Description:
when more values in an in list than eq_range_index_dive_limit, the query execution plan seems ignore index unconditionally.
which will cause performance problem.
How to repeat:
CREATE TABLE `large` (
`id` bigint unsigned NOT NULL,
`data` varchar(100) COLLATE utf8mb4_general_ci DEFAULT NULL,
KEY `id` (`id`)
) ENGINE=InnoDB DEFAULT CHARSET=utf8mb4 COLLATE=utf8mb4_general_ci;
insert into large values (1,rand()),(2,rand()),(3,rand()),(4,rand()),(5,rand()),(6,rand()),(7,rand()),(8,rand()),(9,rand()),(10,rand());
insert into large select 100,rand() from large; -- repeat 10 times to create some data in table.
analyze table large;
set session eq_range_index_dive_limit=200;
explain select sum(data) from large where id in (1,2,3,4,5,6,7,8,9,10) and id between 1 and 10;
the result is :
+----+-------------+-------+------------+-------+---------------+------+---------+------+------+----------+-----------------------+
| id | select_type | table | partitions | type | possible_keys | key | key_len | ref | rows | filtered | Extra |
+----+-------------+-------+------------+-------+---------------+------+---------+------+------+----------+-----------------------+
| 1 | SIMPLE | large | NULL | range | id | id | 8 | NULL | 10 | 100.00 | Using index condition |
+----+-------------+-------+------------+-------+---------------+------+---------+------+------+----------+-----------------------+
which is fine.
set session eq_range_index_dive_limit=5; -- make it less than the numbers in the in list
explain select sum(data) from large where id in (1,2,3,4,5,6,7,8,9,10) and id between 1 and 10;
the result is :
+----+-------------+-------+------------+------+---------------+------+---------+------+------+----------+-------------+
| id | select_type | table | partitions | type | possible_keys | key | key_len | ref | rows | filtered | Extra |
+----+-------------+-------+------------+------+---------------+------+---------+------+------+----------+-------------+
| 1 | SIMPLE | large | NULL | ALL | id | NULL | NULL | NULL | 9853 | 83.32 | Using where |
+----+-------------+-------+------------+------+---------------+------+---------+------+------+----------+-------------+
which shows a full table scan.
test it:
set session long_query_time=0;
select sum(data) from large where id in (1,2,3,4,5,6,7,8,9,10) and id between 1 and 10;
slowlog confirms that sql scans a lot rows:
# Time: 2024-04-29T17:43:21.446726+08:00
# User@Host: root[root] @ localhost [] Id: 11
# Query_time: 0.004150 Lock_time: 0.000002 Rows_sent: 1 Rows_examined: 10242
SET timestamp=1714383801;
select sum(data) from large where id in (1,2,3,4,5,6,7,8,9,10) and id between 1 and 10;
without in list, the sql will use the "between and" as an index condition to filter data.

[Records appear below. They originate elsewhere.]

(* Let $\mathsf{C}_A\subset V_A$ and $\mathsf{C}_B\subset V_B$ be proper cones. For every $x$ in the interior of $\mathsf{C}_A\otimes_{\max}\mathsf{C}_B$ and every $y$ in the interior of $\mathsf{C}_B$, there is an integer $k\ge1$ such that \[(\mathrm{Id}_{V_A}\otimes P_{\mathrm{Sym}_k(V_B)})(x\otimes y^{\otimes(k-1)})\in \mathsf{C}_A\otimes_{\min}\mathsf{C}_B^{\otimes_{\min}k}.\]
   Context: A convex cone in a finite-dimensional real vector space is proper if it is closed, contains no line, and is not contained in any hyperplane; $\mathsf{C}^*=\{f\in V^*: f\ge0\text{ on }\mathsf{C}\}$. $\mathsf{C}_A\otimes_{\min}\mathsf{C}_B=\mathrm{conv}\{a\otimes b:a\in\mathsf{C}_A,b\in\mathsf{C}_B\}$ (iterated for $\mathsf{C}_A\otimes_{\min}\mathsf{C}_B^{\otimes_{\min}k}$), and $\mathsf{C}_A\otimes_{\max}\mathsf{C}_B=\{z: (f\otimes g)(z)\ge0\ \forall f\in\mathsf{C}_A^*,g\in\mathsf{C}_B^*\}$. For $\sigma\in\mathfrak{S}_k$, $U_\sigma:V^{\otimes k}\to V^{\otimes k}$ is the linear map with $U_\sigma(x_1\otimes\cdots\otimes x_k)=x_{\sigma^{-1}(1)}\otimes\cdots\otimes x_{\sigma^{-1}(k)}$, and $P_{\mathrm{Sym}_k(V)}=\frac1{k!}\sum_{\sigma\in\mathfrak S_k}U_\sigma$ is the symmetric projection. *)

theory Defs
  imports "HOL-Analysis.Analysis" "HOL-Combinatorics.Permutations"
begin

text \<open>The tensor product V_A (x) V_B is real^('a * 'b); the space V_A (x) V_B^(x k) (k varying) is
  modelled by coefficient functions 'a => 'b list => real, supported on lists of length k.\<close>

definition proper_cone :: "(real^'n) set \<Rightarrow> bool" where
  "proper_cone C \<longleftrightarrow> convex C \<and> cone C \<and> C \<noteq> {} \<and> closed C
     \<and> (\<forall>v. v \<in> C \<and> - v \<in> C \<longrightarrow> v = 0)
     \<and> \<not> (\<exists>f. linear f \<and> f \<noteq> (\<lambda>_. 0) \<and> (\<forall>c\<in>C. f c = (0::real)))"
lemma partial_copyD:
  assumes "partial_copy D S" "i < length Fs"
  shows "D i \<subseteq> fE (Fs ! i)" "fR (Fs ! i) \<subseteq> S i" "rooted_forest (fV (Fs ! i), fE (Fs ! i) - D i, S i)"
    "\<And>e. e \<in> D i \<Longrightarrow> e \<subseteq> S i" "\<And>v. v \<in> S i \<Longrightarrow> v \<notin> fR (Fs ! i) \<Longrightarrow> \<exists>e\<in>D i. v \<in> e"
  using assms unfolding partial_copy_def by blast+

lemma partial_copy_subset:
  "partial_copy D S \<Longrightarrow> i < length Fs \<Longrightarrow> S i \<subseteq> fV (Fs ! i)"
  using partial_copyD(3) rooted_forest_roots_subset by blast

lemma embeddedI: "i < length Fs \<Longrightarrow> x \<in> S i \<Longrightarrow> x \<in> embedded S"
  unfolding embedded_def by blast

lemma embedded_update: "i < length Fs \<Longrightarrow> embedded (S(i := insert x (S i))) = insert x (embedded S)"
  unfolding embedded_def by (auto split: if_splits)

lemma partial_copy_not_embedded:
  assumes "partial_copy D S" "i < length Fs" "x \<in> fV (Fs ! i)" "x \<notin> S i"
  shows "x \<notin> embedded S"
  using assms partial_copy_subset same_forest unfolding embedded_def by blast

lemma partial_copy_roots_embedded: "partial_copy D S \<Longrightarrow> tuple_roots Fs \<subseteq> embedded S"
  unfolding tuple_roots_conv embedded_def using partial_copyD(2) by blast

lemma partial_copy_extend:
  assumes copy: "partial_copy D S" and i: "i < length Fs"
    and p: "p \<in> S i" and edge: "{p, x} \<in> fE (Fs ! i) - D i"
  shows "x \<in> fV (Fs ! i)" "x \<notin> S i"
    and "partial_copy (D(i := insert {p, x} (D i))) (S(i := insert x (S i)))"
proof -
  note forest = partial_copyD(3)[OF copy i]
  show "x \<in> fV (Fs ! i)" "x \<notin> S i" using rooted_forest_root_edge[OF forest p edge] by auto
  have "fE (Fs ! i) - insert {p, x} (D i) = fE (Fs ! i) - D i - {{p, x}}" by blast
  then have "rooted_forest (fV (Fs ! i), fE (Fs ! i) - insert {p, x} (D i), insert x (S i))"
    using rooted_forest_cut_root_edge[OF forest p edge] by simp
  then show "partial_copy (D(i := insert {p, x} (D i))) (S(i := insert x (S i)))"
    using copy edge p unfolding partial_copy_def by auto
qed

+----+-------------+-------+------------+-------+---------------+------+---------+------+------+----------+-----------------------+
| id | select_type | table | partitions | type | possible_keys | key | key_len | ref | rows | filtered | Extra |
+----+-------------+-------+------------+-------+---------------+------+---------+------+------+----------+-----------------------+
| 1 | SIMPLE | large | NULL | range | id | id | 8 | NULL | 10 | 100.00 | Using index condition |
+----+-------------+-------+------------+-------+---------------+------+---------+------+------+----------+-----------------------+
# Time: 2024-04-29T17:47:10.633367+08:00
# User@Host: root[root] @ localhost [] Id: 11
# Query_time: 0.000265 Lock_time: 0.000003 Rows_sent: 1 Rows_examined: 10
SET timestamp=1714384030;
select sum(data) from large where id between 1 and 10;
Suggested fix:
when eq_range_index_dive_limit exceeded, there is an chance that other conditions can take effect, index should not ignored unconditionally.